Artemisinin derivatives remain the most
potent killers of malaria parasites yet discovered. In clinical
studies, Coartem demonstrated cure rates above 95 percent,
even in areas of multi-drug resistance. Though Coartem had
not been widely tested in sub-Saharan Africa, South Africa’s Medical
Control Council completed a rapid regulatory review of the medicine
during 2000, enabling KwaZulu-Natal to launch the drug as first-line
antimalarial therapy in January 2001.
Harried doctors and nurses at the epicenter
of the epidemic feared the worst. “We didn’t know if this was going
to work or not. The cat had got so much out of the bag, it didn’t
seem that even an effective new drug was going to work miracles,”
recalls Dr. Hervey Vaughan Williams, Medical Manager at Mosvold Hospital.

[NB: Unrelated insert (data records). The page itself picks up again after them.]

lemma T_eq_if_dual_fixed_point:
  assumes g: "g \<in> L2 M" and \<phi>: "\<phi> + a *\<^sub>R dual_emb M \<kappa> (\<kappa> (N \<phi>)) = dual_emb M \<kappa> g"
  shows "T (\<lambda>x. g x - a * \<kappa> (N \<phi>) x) = g"
proof -
  have e: "(\<lambda>x. g x - a * \<kappa> (N \<phi>) x) = (\<lambda>x. 1 * g x + (- a) * \<kappa> (N \<phi>) x)" by simp
  have "dual_emb M \<kappa> (\<lambda>x. g x - a * \<kappa> (N \<phi>) x) = \<phi>"
    unfolding e dual_emb_linear[OF embedding g cont_dense_embedding_L2[OF embedding]]
    using \<phi> by (simp add: algebra_simps)
  thus ?thesis unfolding T_def[abs_def] by simp
qed


lemma dual_fixed_point_exists:
  assumes g: "g \<in> L2 M"
  shows "\<exists>\<phi>. \<phi> + a *\<^sub>R dual_emb M \<kappa> (\<kappa> (N \<phi>)) = dual_emb M \<kappa> g"
proof -
  obtain \<epsilon> q where \<epsilon>: "\<epsilon> > 0" and q: "0 \<le> q" "q < 1"
    and contraction: "\<And>h. h \<in> L2 M \<Longrightarrow> (LINT x|M. (h x - \<epsilon> * T h x)\<^sup>2) \<le> q * (LINT x|M. (h x)\<^sup>2)"
    using richardson_contraction by blast
  let ?D = "dual_emb M \<kappa>"
  define F where "F f = (\<lambda>x. f x - \<epsilon> * (T f x - g x))" for f
  define fs where "fs k = (F ^^ k) g" for k
  have fs_Suc: "fs (Suc k) = F (fs k)" for k by (simp add: fs_def)
  have fs_L2: "fs k \<in> L2 M" for k
    by (induction k) (auto simp: fs_def F_def g intro!: L2_diff L2_cmult T_L2)
  define \<delta> where "\<delta> k = L2norm M (\<lambda>x. fs (Suc k) x - fs k x)" for k
  have \<delta>_Suc: "\<delta> (Suc k) \<le> sqrt q * \<delta> k" for k
  proof -
    have "(\<lambda>x. fs (Suc (Suc k)) x - fs (Suc k) x)
            = (\<lambda>x. (fs (Suc k) x - \<epsilon> * T (fs (Suc k)) x) - (fs k x - \<epsilon> * T (fs k) x))"
      unfolding fs_Suc[of "Suc k"] fs_Suc[of k] by (simp add: F_def algebra_simps)
    thus ?thesis unfolding \<delta>_def using richardson_step_lipschitz[OF contraction fs_L2 fs_L2] by simp
  qed
  have "\<delta> k \<le> \<delta> 0 * sqrt q ^ k" for k
  proof (induction k)
    case (Suc k)
    thus ?case using \<delta>_Suc[of k] q
      by (smt (verit) mult.commute mult.left_commute mult_left_mono power_Suc real_sqrt_ge_zero)
  qed simp
  \<comment> \<open>\<open>L2 M\<close> is not complete here, so the iterates are shown to converge in the dual of \<open>W\<close>.\<close>
  hence "convergent (\<lambda>k. ?D (fs k))"
    using q unfolding \<delta>_def
    by (intro convergent_dual_emb_if_geometric_steps[OF embedding fs_L2, where r = "sqrt q"]) auto
  then obtain \<phi> where lim: "(\<lambda>k. ?D (fs k)) \<longlonglongrightarrow> \<phi>" by (auto simp: convergent_def)
  let ?G = "\<lambda>\<psi>. \<psi> - \<epsilon> *\<^sub>R (\<psi> + a *\<^sub>R ?D (\<kappa> (N \<psi>)) - ?D g)"
  have "(\<lambda>k. ?G (?D (fs k))) \<longlonglongrightarrow> \<phi>"
    using LIMSEQ_Suc[OF lim] unfolding fs_Suc F_def dual_emb_richardson_step[OF fs_L2 g] .
  moreover have "(\<lambda>k. ?D (\<kappa> (N (?D (fs k))))) \<longlonglongrightarrow> ?D (\<kappa> (N \<phi>))"
    by (rule bounded_linear.tendsto[OF bounded_linear_dual_emb_comp[OF embedding embedding]])
      (intro tendsto_intros lim)
  hence "(\<lambda>k. ?G (?D (fs k))) \<longlonglongrightarrow> ?G \<phi>" by (intro tendsto_intros lim)
  ultimately have "?G \<phi> = \<phi>" by (rule LIMSEQ_unique[rotated])
  thus ?thesis using \<epsilon> by auto
qed

lemma T_surjective: "g \<in> L2 M \<Longrightarrow> \<exists>f\<in>L2 M. T f = g"
  using dual_fixed_point_exists T_eq_if_dual_fixed_point
  by (metis L2_diff L2_cmult cont_dense_embedding_L2[OF embedding])

end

Yet against all odds, the switch in therapy
plus the resumption of spraying with DDT managed to quell KwaZulu-Natal’s
malaria outbreak faster than almost anyone believed possible. Hospital
admissions thinned and during the following two years, both the total
number of malaria cases and associated deaths reported in the province
shrank by more than 90 percent – from 42 284 cases and 342 deaths
in 2000, to 2 345 cases and 16 deaths in 2002.